(Edited & renamed)
Can we agree that the most pressing question of 2010 is: “Who are ya gonna vote against?”
The main candidates in that race hereabouts are: “Obama-Big Government-Kenyan Anti-Colonial World View-Higher Taxes for ‘Lil Ol’ You”-Socialism,”
versus
“Teahadist-Extremist-Nut Case in the Bedwomb-All-Out Attack on the social safety net.”
For some–a distinct minority–the question is whether we are voluntarily to descend further into the corporatocracy, where candidates are supported by investments, errr contributions, from corporations, and where the “bottom line” is profits, not people. Government of the CEOs, by the investors and for the wealthy. In that contest, nowhere laid out in so many words on the ballot, in this state the Democrats have put forward a Senate candidate who spends sums of contributions assuring us: “I am a businessman” who knows all about the bottom line.
Against this, a candidate who would have us believe that further regulation of our personal reproduction is what’s meant by less government.
Anyone to the left of Genghis Khan needs to face up to a certain reality in 2010: large numbers of Americans appear to have lost faith in the institution of government to do much of anything right and/or to solve social problems–or even to bring them up for discussion!! (Energy?
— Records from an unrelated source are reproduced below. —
lemma compile_fm_correct:
  assumes "length ws = L" "fm_wires_below L \<phi>"
  shows "wire (eval_gates (fst (compile_fm L \<phi>)) x ws) (snd (compile_fm L \<phi>)) = fm_eval x ws \<phi>"
  using assms
proof (induction \<phi> arbitrary: L ws)
  case (FNot \<phi>)
  obtain gs u where c: "compile_fm L \<phi> = (gs, u)" by fastforce
  have "length (eval_gates gs x ws) = L + length gs"
    using FNot.prems by (simp add: length_eval_gates)
  then show ?case using FNot c
    by (simp add: eval_gates_append) (metis wire_snoc fst_conv snd_conv)
next
  case (FAnd \<phi> \<psi>)
  obtain gs1 u1 where c1: "compile_fm L \<phi> = (gs1, u1)" by fastforce
  obtain gs2 u2 where c2: "compile_fm (L + length gs1) \<psi> = (gs2, u2)" by fastforce
  define E1 where "E1 = eval_gates gs1 x ws"
  define E2 where "E2 = eval_gates gs2 x E1"
  obtain ws1 where E1: "E1 = ws @ ws1" using eval_gates_extends unfolding E1_def by blast
  obtain ws2 where E2: "E2 = E1 @ ws2" using eval_gates_extends unfolding E2_def by blast
  have len1: "length E1 = L + length gs1"
    using FAnd.prems by (simp add: E1_def length_eval_gates)
  have len2: "length E2 = L + length gs1 + length gs2"
    using len1 by (simp add: E2_def length_eval_gates)
  have "u1 < length E1" using compile_fm_output[of L \<phi>] FAnd.prems c1 len1 by simp
  then have v1: "wire E2 u1 = fm_eval x ws \<phi>"
    using FAnd.IH(1)[of ws L] FAnd.prems c1 E2 by (simp add: E1_def wire_append)
  have "fm_wires_below (L + length gs1) \<psi>"
    using FAnd.prems fm_wires_below_mono by auto
  then have v2: "wire E2 u2 = fm_eval x ws \<psi>"
    using FAnd.IH(2)[of E1 "L + length gs1"] FAnd.prems c2 len1 E1 fm_eval_append
    by (simp add: E2_def)
  show ?case using c1 c2 v1 v2 len2
    by (simp add: eval_gates_append flip: E1_def E2_def) (metis wire_snoc)
qed (auto simp: wire_def)

definition parallel_gates :: "circuit \<Rightarrow> circuit \<Rightarrow> nat \<Rightarrow> gate list" where
  "parallel_gates Cf Cb K =
     map (shift_gate 0 K) (fst Cf) @ map (shift_gate (length (fst Cf)) K) (fst Cb)"

lemma eval_parallel_gates:
  "eval_gates (parallel_gates Cf Cb K) z [] =
     eval_gates (fst Cf) (drop K z) [] @ eval_gates (fst Cb) (drop K z) []"
  using eval_gates_shift_gate[of "[]" K "fst Cf" z "[]"]
    eval_gates_shift_gate[of "eval_gates (fst Cf) (drop K z) []" K "fst Cb" z "[]"]
  by (simp add: parallel_gates_def eval_gates_append length_eval_gates)

text \<open>Cf and Cb both read the input from position K onwards; \<phi> refers to the wires of
Cf followed by those of Cb, and to the whole input.\<close>

definition fm_on_circuits :: "circuit \<Rightarrow> circuit \<Rightarrow> nat \<Rightarrow> fm \<Rightarrow> circuit" where
  "fm_on_circuits Cf Cb K \<phi> =
     (let L = length (fst Cf) + length (fst Cb)
      in (parallel_gates Cf Cb K @ fst (compile_fm L \<phi>), [snd (compile_fm L \<phi>)]))"

lemma circuit_size_fm_on_circuits:
  "circuit_size (fm_on_circuits Cf Cb K \<phi>) \<le> circuit_size Cf + circuit_size Cb + fm_size \<phi> + 1"
  using compile_fm_size[of "length (fst Cf) + length (fst Cb)" \<phi>]
  by (simp add: fm_on_circuits_def circuit_size_def parallel_gates_def Let_def)

lemma cbit_fm_on_circuits:
  assumes "fm_wires_below (length (fst Cf) + length (fst Cb)) \<phi>"
  shows "cbit (fm_on_circuits Cf Cb K \<phi>) z =
           fm_eval z (eval_gates (fst Cf) (drop K z) [] @ eval_gates (fst Cb) (drop K z) []) \<phi>"
  using assms compile_fm_correct[of "eval_gates (fst Cf) (drop K z) [] @ eval_gates (fst Cb) (drop K z) []"]
  by (simp add: cbit_def eval_circuit_def fm_on_circuits_def Let_def eval_gates_append
      eval_parallel_gates length_eval_gates)

section \<open>Circuits testing a witness\<close>

definition iff_fm :: "fm \<Rightarrow> fm \<Rightarrow> fm" where
  "iff_fm \<phi> \<psi> = FAnd (FNot (FAnd \<phi> (FNot \<psi>))) (FNot (FAnd (FNot \<phi>) \<psi>))"

definition conj_fm :: "fm list \<Rightarrow> fm" where
  "conj_fm \<phi>s = foldr FAnd \<phi>s (FConst True)"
Immigration? Global Warming? Where has Harry Reid been in the era of Hope and Change?).
People wanted change 24 months ago, and they still want it. Are the Democrats still running on that proposition? Doesn’t sound like it.
Instead, we get statements, press releases, advertisements that sound like they’re appealing to voters in the fine state of Jabberwock in their native tongue.
Are we seriously meant to extract meaning from any candidate who promises to fly east and “fight for the citizens of Colorado”? Fight whom–Kansas? Arkansas? Over what–banking regulation? Kool-Aid in school lunches? Is the Senate chamber to be made over as a site for the World Wrestling Federation, the senator from the Land of Steady Habits presiding?
How are “Democrats” meant to summon enthusiasm for someone whose list of contributors with home addresses in zip code 10021 was longer — and the amounts far, far larger– than those in 80237? Does that describe an agent of change?
While I, like others on this site, may regard Teahadists to be largely irrational and inarticulate, unsophisticated and uneducated, there is no denying a strong sense of anger abroad in the land…anger at having the value of their houses drop by 30, 40, 50 percent; anger at being stuck in a job they can’t stand because there are no others available; anger at being told they have to buy health insurance when they can’t afford it now; anger anger at voting for change and, two years later, feeling like most things haven’t changed, except possibly for the worse.
When anxiety replaces hope for change, and then morphs into anger, incumbents are in jeopardy. When government is no longer trusted to tell the truth, no longer trusted to do what’s best for ordinary people rather than for corporate lobbyists, then somethin’s blowin’ in the wind. It has happened before, and it is happening elsewhere ( http://www.guardian.co.uk/worl… ). Suddenly every rude or indifferent clerk at the Motor Vehicles department is a campaigner for the Teahadists. Airports and bridges in out of the way places, not the Interstate Highway system, become the symbols of what government does with tax dollars. How many voters did Hillary alienate by announcing a program to spend $50 million to buy healthy cook stoves to Africa — a worthy cause, no question, and I’m not questioning it — when millions of Americans are unsure about putting food on their own state-of-the-art six-burner range that came with the house that’s worth a few tens of thousands of dollars less than the mortgage–and may soon belong to the bank?
In the midst of this, what do we hear from the Democrats? “Patience,” from the President to a self-professed frustrated supporter. “Times are tough.”
Closer to home, it’s “He’s too extreme for Colorado,” from the “I am a businessman” appointee who visited every county (how many for the first time?) not to mention every townhouse in Washington where lobbyists were handing out doughnut holes in exchange for … whatever.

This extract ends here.